*Work task:* Repeat each entry exactly.

(Saved data entries)

(* Let $k$ be a field, $V$ a $k$-vector space, $N\geq 2$, $R\subseteq V^{\otimes N}$ a subspace, $A=T(V)/(R)$, and $M$ an $A$-bimodule. Let $M^{\ast}=\mathrm{Hom}_k(M,k)$ with $A$-bimodule structure $(a.u.a')(m)=u(a'ma)$. For $p\ge 0$ define $\eta_p:\mathrm{Hom}_k(M\otimes W_{\nu(p)},k)\to \mathrm{Hom}_k(W_{\nu(p)},M^{\ast})$ by $\eta_p(\varphi)(x_1\dots x_{\nu(p)})(m)=\varphi(m\otimes x_1\dots x_{\nu(p)})$. Then $\eta=\bigoplus_p\eta_p$ is an isomorphism of cochain complexes from $C=\big(\bigoplus_p (M\otimes W_{\nu(p)})^{\ast}, b_K^{\ast}\big)$, where $b_K^{\ast}(\phi)=-(-1)^p\phi\circ b_K$ for $\phi\in(M\otimes W_{\nu(p)})^\ast$, to the Koszul cochain complex $(\mathrm{Hom}_k(W_{\nu(\bullet)},M^{\ast}),b_K)$, and it induces a graded linear isomorphism $H(\eta):H^{\bullet}(C)\to \mathrm{HK}^{\bullet}(A,M^{\ast})$ which is natural in the $A$-bimodule $M$.
   Context: $k$ field, $V$ a $k$-vector space, $N\ge 2$, $R\subseteq V^{\otimes N}$, $A=T(V)/(R)$. $W_0=k$, $W_p=V^{\otimes p}$ for $1\le p\le N-1$, $W_p=\bigcap_{i+N+j=p}V^{\otimes i}\otimes R\otimes V^{\otimes j}$ for $p\ge N$; $\nu(2p')=Np'$, $\nu(2p'+1)=Np'+1$. Elements of $W_p$ are written $x_1\dots x_p$ (a sum of such tensors, $x_i\in V$, acting on bimodules via their images in $A$). Koszul chain differential on $M\otimes W_{\nu(q)}$: for $q=2q'+1$, $b_K(m\otimes x_1\dots x_{Nq'+1})=mx_1\otimes x_2\dots x_{Nq'+1}-x_{Nq'+1}m\otimes x_1\dots x_{Nq'}$; for $q=2q'\ge2$, $b_K(m\otimes x_1\dots x_{Nq'})=\sum_{i=0}^{N-1}x_{i+Nq'-N+2}\dots x_{Nq'}mx_1\dots x_i\otimes x_{i+1}\dots x_{i+Nq'-N+1}$. Koszul cochain differential on $\mathrm{Hom}_k(W_{\nu(p)},P)$ for a bimodule $P$: for $p=2p'$, $b_K(f)(x_1\dots x_{Np'+1})=f(x_1\dots x_{Np'})x_{Np'+1}-x_1f(x_2\dots x_{Np'+1})$; for $p=2p'+1$, $b_K(f)(x_1\dots x_{N(p'+1)})=\sum_{i=0}^{N-1}x_1\dots x_if(x_{i+1}\dots x_{i+Np'+1})x_{i+Np'+2}\dots x_{N(p'+1)}$. Its cohomology is $\mathrm{HK}^\bullet(A,P)$. *)

theory Defs
  imports Complex_Main "HOL-Library.Function_Algebras"
begin

text \<open>The vector space V is the free k-vector space
on a (basis) type 'x; an element of the tensor power V^(tensor n) is a finitely supported
function from words (lists over 'x) of length n to 'k, the basis word x1...xn corresponding
to the list [x1,...,xn].  Likewise an element of M tensor V^(tensor n) is a finitely supported
function from words of length n to M.  Linear maps defined on a subspace S are represented
by functions that vanish outside S.\<close>

definition fsupp :: "('a \<Rightarrow> 'b::zero) \<Rightarrow> 'a set" where
  "fsupp f = {u. f u \<noteq> 0}"

definition Tn :: "nat \<Rightarrow> ('x list \<Rightarrow> 'b::zero) set" where
  "Tn n = {f. finite (fsupp f) \<and> (\<forall>u\<in>fsupp f. length u = n)}"

definition sc :: "'k::times \<Rightarrow> ('a \<Rightarrow> 'k) \<Rightarrow> 'a \<Rightarrow> 'k" where
  "sc c f = (\<lambda>u. c * f u)"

*Result:*
(* Let $k$ be a field, $V$ a $k$-vector space, $N\geq 2$, $R\subseteq V^{\otimes N}$ a subspace, $A=T(V)/(R)$, and $M$ an $A$-bimodule. Let $M^{\ast}=\mathrm{Hom}_k(M,k)$ with $A$-bimodule structure $(a.u.a')(m)=u(a'ma)$. For $p\ge 0$ define $\eta_p:\mathrm{Hom}_k(M\otimes W_{\nu(p)},k)\to \mathrm{Hom}_k(W_{\nu(p)},M^{\ast})$ by $\eta_p(\varphi)(x_1\dots x_{\nu(p)})(m)=\varphi(m\otimes x_1\dots x_{\nu(p)})$. Then $\eta=\bigoplus_p\eta_p$ is an isomorphism of cochain complexes from $C=\big(\bigoplus_p (M\otimes W_{\nu(p)})^{\ast}, b_K^{\ast}\big)$, where $b_K^{\ast}(\phi)=-(-1)^p\phi\circ b_K$ for $\phi\in(M\otimes W_{\nu(p)})^\ast$, to the Koszul cochain complex $(\mathrm{Hom}_k(W_{\nu(\bullet)},M^{\ast}),b_K)$, and it induces a graded linear isomorphism $H(\eta):H^{\bullet}(C)\to \mathrm{HK}^{\bullet}(A,M^{\ast})$ which is natural in the $A$-bimodule $M$.
   Context: $k$ field, $V$ a $k$-vector space, $N\ge 2$, $R\subseteq V^{\otimes N}$, $A=T(V)/(R)$. $W_0=k$, $W_p=V^{\otimes p}$ for $1\le p\le N-1$, $W_p=\bigcap_{i+N+j=p}V^{\otimes i}\otimes R\otimes V^{\otimes j}$ for $p\ge N$; $\nu(2p')=Np'$, $\nu(2p'+1)=Np'+1$. Elements of $W_p$ are written $x_1\dots x_p$ (a sum of such tensors, $x_i\in V$, acting on bimodules via their images in $A$). Koszul chain differential on $M\otimes W_{\nu(q)}$: for $q=2q'+1$, $b_K(m\otimes x_1\dots x_{Nq'+1})=mx_1\otimes x_2\dots x_{Nq'+1}-x_{Nq'+1}m\otimes x_1\dots x_{Nq'}$; for $q=2q'\ge2$, $b_K(m\otimes x_1\dots x_{Nq'})=\sum_{i=0}^{N-1}x_{i+Nq'-N+2}\dots x_{Nq'}mx_1\dots x_i\otimes x_{i+1}\dots x_{i+Nq'-N+1}$. Koszul cochain differential on $\mathrm{Hom}_k(W_{\nu(p)},P)$ for a bimodule $P$: for $p=2p'$, $b_K(f)(x_1\dots x_{Np'+1})=f(x_1\dots x_{Np'})x_{Np'+1}-x_1f(x_2\dots x_{Np'+1})$; for $p=2p'+1$, $b_K(f)(x_1\dots x_{N(p'+1)})=\sum_{i=0}^{N-1}x_1\dots x_if(x_{i+1}\dots x_{i+Np'+1})x_{i+Np'+2}\dots x_{N(p'+1)}$. Its cohomology is $\mathrm{HK}^\bullet(A,P)$. *)

theory Defs
  imports Complex_Main "HOL-Library.Function_Algebras"
begin

text \<open>The vector space V is the free k-vector space
on a (basis) type 'x; an element of the tensor power V^(tensor n) is a finitely supported
function from words (lists over 'x) of length n to 'k, the basis word x1...xn corresponding
to the list [x1,...,xn].  Likewise an element of M tensor V^(tensor n) is a finitely supported
function from words of length n to M.  Linear maps defined on a subspace S are represented
by functions that vanish outside S.\<close>

definition fsupp :: "('a \<Rightarrow> 'b::zero) \<Rightarrow> 'a set" where
  "fsupp f = {u. f u \<noteq> 0}"

definition Tn :: "nat \<Rightarrow> ('x list \<Rightarrow> 'b::zero) set" where
  "Tn n = {f. finite (fsupp f) \<and> (\<forall>u\<in>fsupp f. length u = n)}"

definition sc :: "'k::times \<Rightarrow> ('a \<Rightarrow> 'k) \<Rightarrow> 'a \<Rightarrow> 'k" where
  "sc c f = (\<lambda>u. c * f u)"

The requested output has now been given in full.